Here’s another example. You may have already wondered why many scientific documentaries follow a similar and common structure: “For a long time, scientists thought that…” – “but discoveries made in the last few years are challenging everything." Actually, this structure is the mirror of the classic pattern used in fiction: “set-up” – “catalyst” – “hero’s journey.”
Speaking of heroes, there is still one key point left to solve. The famous trio: “character” – “objective” – “obstacles” that can be found in any decent book about writing fiction. It’s hard to find an equivalent when it comes to documentaries, especially because there rarely is a main character in that genre. Sometimes, a scientist or an historian acts as a “knowledge holder” or appears on screen more often than other speakers, without necessarily giving them the status of “protagonist,” that is “a character experiencing the most conflicts.” In documentary terms, we should translate this definition by “a dramatic element generating the most curiosity.” So, what is the equivalent of a main character in a documentary?

If you consider that the protagonist’s role in fiction is used to create empathy in the viewers, you have to envisage, that for a documentary, the subject itself becomes the main character stirring the viewers’ curiosity. To give you a concrete example, in the documentary “The Blob: A Genius Without A Brain” directed by Jacques Mitsch, and co-written by myself, the protagonist isn’t the scientist making the main discoveries about this peculiar living organism, but the Blob itself, which encourages us to question the notion of intelligence.

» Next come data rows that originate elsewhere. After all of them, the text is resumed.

(* In the three-dimensional Heisenberg setting of the context, let $\gamma=\exp(z_\gamma Z)$ with $z_\gamma\neq0$, let $E>0$, $\ell\in\mathbb Z\setminus\{0\}$ and $z_0\in\mathbb R\setminus\{0\}$. There exist $u_0,v_0$ such that the spiraling magnetic geodesic with $\sigma(0)=e$ and parameters $(u_0,v_0,z_0)$ has energy $E$ and is $\gamma$-periodic with period $\omega=2\pi A\ell/z_0$ if and only if one of the following holds (writing $r=\frac{z_\gamma}{\pi A\ell}$): (1a) $E>|B|$, $1<\frac{2E}{E+B}<r$, and $z_0=-\sqrt{\frac{E^2-B^2}{r-1}}$; (1b) $E>|B|$, $1<\frac{2E}{E-B}<r$, and $z_0=+\sqrt{\frac{E^2-B^2}{r-1}}$; (2a) $0<E<B$, $\frac{2E}{E-|B|}<r<\frac{2E}{E+|B|}<1$, and $z_0=-\sqrt{\frac{E^2-B^2}{r-1}}$; (2b) $B<0$, $0<E<|B|$, $\frac{2E}{E-|B|}<r<\frac{2E}{E+|B|}<1$, and $z_0=+\sqrt{\frac{E^2-B^2}{r-1}}$; (3a) $E=B$, $\ell=\frac{z_\gamma}{\pi A}$, and $-2B<z_0<0$; (3b) $E=-B$, $\ell=\frac{z_\gamma}{\pi A}$, and $0<z_0<-2B$. In all cases the period is $\omega=2\pi A\ell/z_0$, and one may take any $u_0,v_0$ with $u_0^2+v_0^2=A(E^2-(z_0+B)^2)$.
   Context: Let $\mathfrak h$ be the real Lie algebra with basis $X,Y,Z$ whose only nonzero bracket among basis vectors is $[X,Y]=Z$, and $H$ the simply connected three-dimensional Heisenberg group with Lie algebra $\mathfrak h$; $\exp:\mathfrak h\to H$ is a diffeomorphism with $\exp(U)\exp(V)=\exp(U+V+\tfrac12[U,V])$. Fix $A>0$; $g$ is the left-invariant metric with $\{X/\sqrt A,Y/\sqrt A,Z\}$ orthonormal. With $\{\alpha,\beta,\zeta\}$ the dual basis and $B\in\mathbb R$, the magnetic form is $\Omega=d(B\zeta)=-B\alpha\wedge\beta$; magnetic geodesics solve $\nabla_{\sigma'}\sigma'=F\sigma'$ where $g(Fu,v)=\Omega(u,v)$. The magnetic geodesics with $\sigma(0)=e$ are exactly $\sigma(t)=\exp(x(t)X+y(t)Y+z(t)Z)$ with, for parameters $(u_0,v_0,z_0)\in\mathbb R^3$: if $z_0\ne0$, $x(t)=\frac{u_0}{z_0}\sin(\frac{z_0t}{A})-\frac{v_0}{z_0}(1-\cos(\frac{z_0t}{A}))$, $y(t)=\frac{u_0}{z_0}(1-\cos(\frac{z_0t}{A}))+\frac{v_0}{z_0}\sin(\frac{z_0t}{A})$, $z(t)=(z_0+B+\frac{u_0^2+v_0^2}{2Az_0})t-\frac{u_0^2+v_0^2}{2z_0^2}\sin(\frac{z_0t}{A})$; if $z_0=0$, $x=u_0t/A$, $y=v_0t/A$, $z=Bt$. The energy is $E=|\sigma'|$, with $E^2=(u_0^2+v_0^2)/A+(z_0+B)^2$. Such a geodesic is spiraling if $z_0\neq0$ and $(u_0,v_0)\neq(0,0)$. For $\gamma\neq e$, $\sigma$ is $\gamma$-periodic with period $\omega\ne0$ if $\gamma\sigma(t)=\sigma(t+\omega)$ for all $t$; for a spiraling $\gamma$-periodic geodesic with $\gamma$ central, necessarily $\omega z_0=2\pi A\ell$ for some $\ell\in\mathbb Z\setminus\{0\}$. *)

theory Defs
  imports "HOL-Analysis.Analysis"
begin

text \<open>The simply connected 3-dimensional Heisenberg group H, identified with \<real>^3 via
  exponential coordinates: the triple (x,y,z) stands for exp(xX + yY + zZ).  By the
  BCH formula exp(U)exp(V) = exp(U + V + [U,V]/2) with [X,Y] = Z, the group law reads:\<close>

type_synonym heis = "real \<times> real \<times> real"

definition hmul :: "heis \<Rightarrow> heis \<Rightarrow> heis" where
  "hmul p q = (case p of (x, y, z) \<Rightarrow> case q of (x', y', z') \<Rightarrow>
      (x + x', y + y', z + z' + (x * y' - y * x') / 2))"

The “obstacles” are none other than those encountered by the scientists during their study: hard-to-access-and-to analyze data, the complexity of developing experimental protocols, human challenges… And the “objective”? The eternal, unattainable dream to one day solve all the mysteries surrounding this creature.
In this example taken from our scientific documentary on "The Blob" that won a 2020 AAAS Kavli award, we can see that tools used in fiction could be almost entirely transposed to writing documentaries, as long as we accept two prerequisites: that the bargaining chip with the viewers is their own amazement, and that the film’s protagonist is none other than its subject.

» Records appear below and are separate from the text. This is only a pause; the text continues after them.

(* Assume the standing setting below and run the DMFW algorithm with $\gamma_k=\frac{2}{k+1}$ and $\eta_k=\frac{2}{k+2}$. Then for every $i\in\mathcal N$ and $k\ge1$, $$\mathbb E\|y_k^i\|\le\psi.$$
   Context: Setting. There are $n$ agents $\mathcal N=\{1,\dots,n\}$ connected by a connected graph $\mathcal G=(\mathcal N,\mathcal E)$ with weight matrix $C=[c_{ij}]\in\mathbb R^{n\times n}$, where $c_{ij}\ge 0$ and $c_{ij}=0$ whenever $j\ne i$ and $(i,j)\notin\mathcal E$. $C$ is doubly stochastic, i.e. all row sums and all column sums equal $1$. Let $\lambda$ be the second largest eigenvalue of $C$ in magnitude. It is assumed that $|\lambda|<1$ and that for all vectors $x^1,\dots,x^n\in\mathbb R^p$, with $\bar x=\frac1n\sum_i x^i$ and $\hat x^i=\sum_j c_{ij}x^j$, one has $\big(\sum_i\|\hat x^i-\bar x\|^2\big)^{1/2}\le|\lambda|\big(\sum_i\|x^i-\bar x\|^2\big)^{1/2}$. Let $k_0$ be the smallest positive integer with $|\lambda|\le (k_0/(k_0+1))^2$. Problem data. $\mathcal X\subset\mathbb R^p$ is convex and compact with diameter $D$, i.e. $\|x-x'\|\le D$ for all $x,x'\in\mathcal X$. For each $i$, $\xi^i$ is a random variable. The function $f_i(\cdot,\xi)$ is differentiable with $L$-Lipschitz gradient for every $\xi$. $F_i(x)=\mathbb E[f_i(x,\xi^i)]$ is differentiable with $\nabla F_i(x)=\mathbb E[\nabla f_i(x,\xi^i)]$ and $L$-Lipschitz gradient. For all $x\in\mathcal X$ and $i$, $\mathbb E\|\nabla F_i(x)-\nabla f_i(x,\xi^i)\|^2\le\delta^2$. Set $F=\frac1n\sum_{i=1}^nF_i$. $G>0$ is a constant with $\mathbb E\|\nabla f_i(x,\xi^i)\|^2\le G^2$ and $\mathbb E\|\nabla f_i(x,\xi^i)\|\le G$ for all $x\in\mathcal X$ and $i\in\mathcal N$. DMFW algorithm. Fix step sizes $\gamma_k,\eta_k\in(0,1]$ and deterministic initial points $x_1^i\in\mathcal X$. The samples $\xi_k^i$ ($k\ge1$, $i\in\mathcal N$) are mutually independent, and $\xi_k^i$ has the distribution of $\xi^i$. For $k=1,2,\dots$ and each $i$: - $\hat x_k^i=\sum_{j=1}^n c_{ij}x_k^j$. - For $k=1$: $y_1^i=s_1^i=\nabla f_i(\hat x_1^i,\xi_1^i)$. For $k\ge2$: $y_k^i=(1-\gamma_k)y_{k-1}^i+\nabla f_i(\hat x_k^i,\xi_k^i)-(1-\gamma_k)\nabla f_i(\hat x_{k-1}^i,\xi_k^i)$ and $s_k^i=\sum_j c_{ij}s_{k-1}^j+y_k^i-y_{k-1}^i$. - $p_k^i=\sum_j c_{ij}s_k^j$. - $\theta_k^i\in\arg\min_{\phi\in\mathcal X}\langle p_k^i,\phi\rangle$. - $x_{k+1}^i=\hat x_k^i+\eta_k(\theta_k^i-\hat x_k^i)$. Constants: - $C_1=k_0\sqrt n D$. - $\psi=\max\{\max_i\mathbb E\|y_1^i\|,\ 2G+2L(D+2C_1)\}$. *)

theory Defs
  imports "HOL-Probability.Probability" "Jordan_Normal_Form.Char_Poly"
begin

definition second_eig_mod :: "real mat \<Rightarrow> real" where
  "second_eig_mod C =
     rev (sorted_list_of_multiset
            (image_mset cmod (proots (char_poly (map_mat complex_of_real C))))) ! 1"

definition k0_of :: "real \<Rightarrow> nat" where
  "k0_of lam = (LEAST k::nat. 0 < k \<and> \<bar>lam\<bar> \<le> (real k / (real k + 1))\<^sup>2)"

end

theory Submission
  imports Defs
begin

text \<open>The bound holds pathwise up to a final expectation. Doubly stochastic mixing that contracts
  disagreement by a factor \<open>|\<lambda>| \<le> k\<^sub>0/(k\<^sub>0+1)\<close>, combined with Frank--Wolfe steps of size
  \<open>2/(k+2)\<close>, makes the consensus error of the iterates decay like \<open>4k\<^sub>0\<surd>n D/k\<close>; hence consecutive
  mixed iterates satisfy \<open>k \<parallel>x\<^sub>k\<^sub>+\<^sub>1 - x\<^sub>k\<parallel> \<le> 2D + 8C\<^sub>1\<close>. With \<open>L\<close>-Lipschitz stochastic gradients the
  momentum recursion gives \<open>\<parallel>y\<^sub>k\<^sub>+\<^sub>1\<parallel> \<le> (1-\<gamma>)\<parallel>y\<^sub>k\<parallel> + \<gamma>(\<parallel>\<nabla>f(z\<^sub>0,\<xi>\<^sub>k\<^sub>+\<^sub>1)\<parallel> + LD) + L(2D + 8C\<^sub>1)/(k+2)\<close>
  for a fixed \<open>z\<^sub>0 \<in> X\<close>. Comparing with the deterministic point \<open>z\<^sub>0\<close> rather than with the iterate
  avoids any measurability requirement on the iterates: the right-hand sides form an integrable
  dominating sequence whose expectations stay below \<open>\<psi>\<close> by induction.\<close>

lemma averaging_recursion_decay:
  fixes e :: "nat \<Rightarrow> real" and r U :: real and kk m :: nat
  assumes kk: "1 \<le> kk" and r: "0 \<le> r" "r \<le> real kk / (real kk + 1)" and U: "0 \<le> U"
    and init: "e 1 \<le> U"
    and step: "\<And>m. 1 \<le> m \<Longrightarrow>
      e (Suc m) \<le> (1 - 2 / (real m + 2)) * (r * e m) + 2 / (real m + 2) * U"
    and m: "1 \<le> m"
  shows "real m * e m \<le> 4 * real kk * U"
  using m
proof (induction m rule: nat_induct_at_least)
  case base
  then show ?case using init kk U mult_right_mono[of 1 "4 * real kk" U] by simp
next
  case (Suc m)
  have absorb: "r * (4 * real kk) + 2 \<le> 4 * real kk"
  proof -
    have "r * (4 * real kk) \<le> real kk / (real kk + 1) * (4 * real kk)"
      using r by (intro mult_right_mono) auto
    also have "\<dots> \<le> 4 * real kk - 2"
      using kk by (simp add: field_simps)
    finally show ?thesis by simp
  qed
  have ratio: "1 - 2 / (real m + 2) = real m / (real m + 2)"
    by (simp add: field_simps)
  have "(1 - 2 / (real m + 2)) * (r * e m) + 2 / (real m + 2) * U
      = (r * (real m * e m) + 2 * U) / (real m + 2)"
    unfolding ratio
    by (simp add: add_divide_distrib mult.left_commute)
  with step[OF Suc.hyps] have "e (Suc m) \<le> (r * (real m * e m) + 2 * U) / (real m + 2)"
    by simp
  also have "\<dots> \<le> (r * (4 * real kk * U) + 2 * U) / (real m + 2)"
    using Suc.IH r(1) by (intro divide_right_mono add_right_mono mult_left_mono) auto
  also have "\<dots> \<le> 4 * real kk * U / (real m + 2)"
    using mult_right_mono[OF absorb U] by (intro divide_right_mono) (auto simp: algebra_simps)
  finally have "real (Suc m) * e (Suc m) \<le> real (Suc m) * (4 * real kk * U / (real m + 2))"
    by (intro mult_left_mono) auto
  also have "\<dots> \<le> 4 * real kk * U"
    using U kk by (simp add: field_simps)
  finally show ?case .
qed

So, here is a first draft of my sought-after “unified theory on dramaturgy.” Is it enough by itself to guarantee the writing of good documentaries? Certainly not. Is it entertaining, intriguing, and potentially useful in doing the groundwork for this huge undertaking that is the writing of documentaries? I certainly hope so.
Laurent Mizrahi and director Jacques Mitsch won the 2020 AAAS Kavli Silver Award in the Video: In-Depth Reporting category for their documentary "The Blob: A Genius Without a Brain."